Lean on me - murky outlook means more data dependance

The Bank of Canada has emphasized that it’s a particularly tough time to forecast due to trade uncertainty (we get it). In July, they presented not so much forecasts, but scenarios. 

With such a murky outlook, the default position is to lean more heavily on the incoming data. Expect the upcoming reports on CPI, GDP and employment before the October announcement to carry extra weight.

From the press conference: “The Bank will continue to assess the risks, look over a shorter horizon than usual, and be ready to respond to new information” [emphasis ours].

Our current call is that the Bank of Canada will cut one more time this year by 25 basis points, but we wouldn’t rule out two more cuts in the final two meetings if inflation cooperates. 

Almost there - the big rate cuts are behind us

This announcement does not change our view that the Bank of Canada is almost done cutting. It’s already in the ‘neutral’ range of 2.25-3.25%.

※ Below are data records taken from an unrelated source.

lemma ex_omega_tail_generators:
  assumes G: "group G" and fg: "\<forall>S. subgroup S G \<longrightarrow> finitely_generated_subgroup G S"
    and H: "subgroup H (omega_power G)"
  obtains M where "\<And>n. finite (M n)" "\<And>n. M n \<subseteq> H \<inter> omega_tail G n"
    "\<And>n. (\<lambda>x. x n) ` (H \<inter> omega_tail G n) = generate G ((\<lambda>x. x n) ` M n)"
proof -
  have "\<exists>M. finite M \<and> M \<subseteq> H \<inter> omega_tail G n \<and>
      (\<lambda>x. x n) ` (H \<inter> omega_tail G n) = generate G ((\<lambda>x. x n) ` M)" for n
  proof (rule finitely_generated_subgroup_image_lift)
    interpret group_hom "omega_power G" G "\<lambda>x. x n"
      using group_hom_omega_coordinate[OF G] .
    have "subgroup ((\<lambda>x. x n) ` (H \<inter> omega_tail G n)) G"
      by (intro subgroup_img_is_subgroup subgroup_Int H subgroup_omega_tail G)
    then show "finitely_generated_subgroup G ((\<lambda>x. x n) ` (H \<inter> omega_tail G n))"
      using fg by blast
  qed
  then show ?thesis
    using that by metis
qed

lemma omega_prefix_agreement_step:
  assumes G: "group G" and H: "subgroup H (omega_power G)"
    and M: "M \<subseteq> H \<inter> omega_tail G n"
      "(\<lambda>x. x n) ` (H \<inter> omega_tail G n) = generate G ((\<lambda>x. x n) ` M)"
    and w: "w \<in> H" and x: "x \<in> H" and agree: "\<forall>i<n. w i = x i"
  shows "\<exists>u\<in>generate (omega_power G) M. \<forall>i\<le>n. (w \<otimes>\<^bsub>omega_power G\<^esub> u) i = x i"
proof -
  interpret G: group G by fact
  interpret P: group "omega_power G" using group_omega_power[OF G] .
  interpret h: group_hom "omega_power G" G "\<lambda>x. x n" using group_hom_omega_coordinate[OF G] .
  have HP: "H \<subseteq> carrier (omega_power G)"
    using H subgroup.subset by blast
  define r where "r = inv\<^bsub>omega_power G\<^esub> w \<otimes>\<^bsub>omega_power G\<^esub> x"
  have "r \<in> H \<inter> omega_tail G n"
    using w x agree HP
    by (auto simp: r_def subgroup.m_inv_closed[OF H] subgroup.m_closed[OF H]
        intro: omega_tail_inv_mult[OF G] simp del: omega_power_mult)
  then have "r n \<in> (\<lambda>x. x n) ` generate (omega_power G) M"
    using M HP h.generate_img[of M] by blast
  then obtain u where u: "u \<in> generate (omega_power G) M" "u n = r n"
    by (metis imageE)
  \<comment> \<open>\<open>u\<close> lies in \<open>Z_n\<close>, so multiplying by it leaves the coordinates below \<open>n\<close> unchanged.\<close>
  have "generate (omega_power G) M \<subseteq> omega_tail G n"
    using M(1) by (intro P.generate_subgroup_incl subgroup_omega_tail G) blast
  then have "u \<in> omega_tail G n"
    using u(1) by blast
  moreover have "w i \<in> carrier G" "x i \<in> carrier G" for i
    using w x HP by (auto simp: omega_power_carrier)
  moreover have "r n = inv\<^bsub>G\<^esub> w n \<otimes>\<^bsub>G\<^esub> x n"
    using w HP by (auto simp: r_def omega_power_inv[OF G])
  ultimately have "(w \<otimes>\<^bsub>omega_power G\<^esub> u) i = x i" if "i \<le> n" for i
    using that agree u(2) by (cases "i = n") (auto simp: omega_tail_def G.m_assoc[symmetric])
  then show ?thesis
    using u(1) by blast
qed

lemma omega_prefix_approximation:
  assumes G: "group G" and H: "subgroup H (omega_power G)"
    and M: "\<And>n. M n \<subseteq> H \<inter> omega_tail G n"
      "\<And>n. (\<lambda>x. x n) ` (H \<inter> omega_tail G n) = generate G ((\<lambda>x. x n) ` M n)"
    and x: "x \<in> H"
  shows "\<exists>w\<in>generate (omega_power G) (\<Union>k<n. M k). \<forall>i<n. w i = x i"
proof (induction n)
  case 0
  show ?case using generate.one by blast
next
  case (Suc n)
  interpret P: group "omega_power G" using group_omega_power[OF G] .
  have MP: "(\<Union>k<Suc n. M k) \<subseteq> carrier (omega_power G)"
    using M(1) H subgroup.subset by blast
  obtain w where w: "w \<in> generate (omega_power G) (\<Union>k<n. M k)" "\<forall>i<n. w i = x i"
    using Suc by blast
  have "(\<Union>k<n. M k) \<subseteq> H"
    using M(1) by blast
  then have "w \<in> H"
    using P.generate_subgroup_incl[OF _ H] w(1) by blast
  then obtain u where u: "u \<in> generate (omega_power G) (M n)"
      "\<forall>i\<le>n. (w \<otimes>\<^bsub>omega_power G\<^esub> u) i = x i"
    using omega_prefix_agreement_step[OF G H M(1,2) _ x w(2)] by blast
  have "(\<Union>k<Suc n. M k) = M n \<union> (\<Union>k<n. M k)"
    by (simp add: lessThan_Suc)
  then have "generate (omega_power G) (\<Union>k<n. M k) \<subseteq> generate (omega_power G) (\<Union>k<Suc n. M k)"
    "generate (omega_power G) (M n) \<subseteq> generate (omega_power G) (\<Union>k<Suc n. M k)"
    by (simp_all add: P.mono_generate)
  then have "w \<otimes>\<^bsub>omega_power G\<^esub> u \<in> generate (omega_power G) (\<Union>k<Suc n. M k)"
    using w(1) u(1) by (intro subgroup.m_closed[OF P.generate_is_subgroup[OF MP]]) (rule subsetD; assumption)+
  then show ?case
    using u(2) less_Suc_eq_le by blast
qed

Governor Tiff Macklem has also been clear since the outset of the trade war that he’s not coming to the rescue with aggressive and deep cuts. Tariffs add to price pressures, even as the economy slows.The BofC has to thread that needle. 

Further, just because short term rates fall doesn’t mean long term rates follow. Five-year government bond yields have already come down (2.73% Sept 16 vs. 3.13% July 15). Even as the policy rate falls, rates on longer term debt “will be challenged to fall significantly”, as Mark Johnson from our rates desk put it over the summer.

The bottom line is that repairing the economy will need to be done outside monetary policy levers. At the moment, all eyes are on fast-tracking major projects and the need to build productive stuff in Canada. 

Answer to the previous trivia question: The Tragically Hip song “Fiddler’s Green” features the line “September 17, for a girl I know it’s Mother’s Day.” Gord Downie wrote the song in memory of his sister’s son who died of a heart condition.

Today’s trivia question: Who is the oldest player on the Toronto Blue Jays’ roster?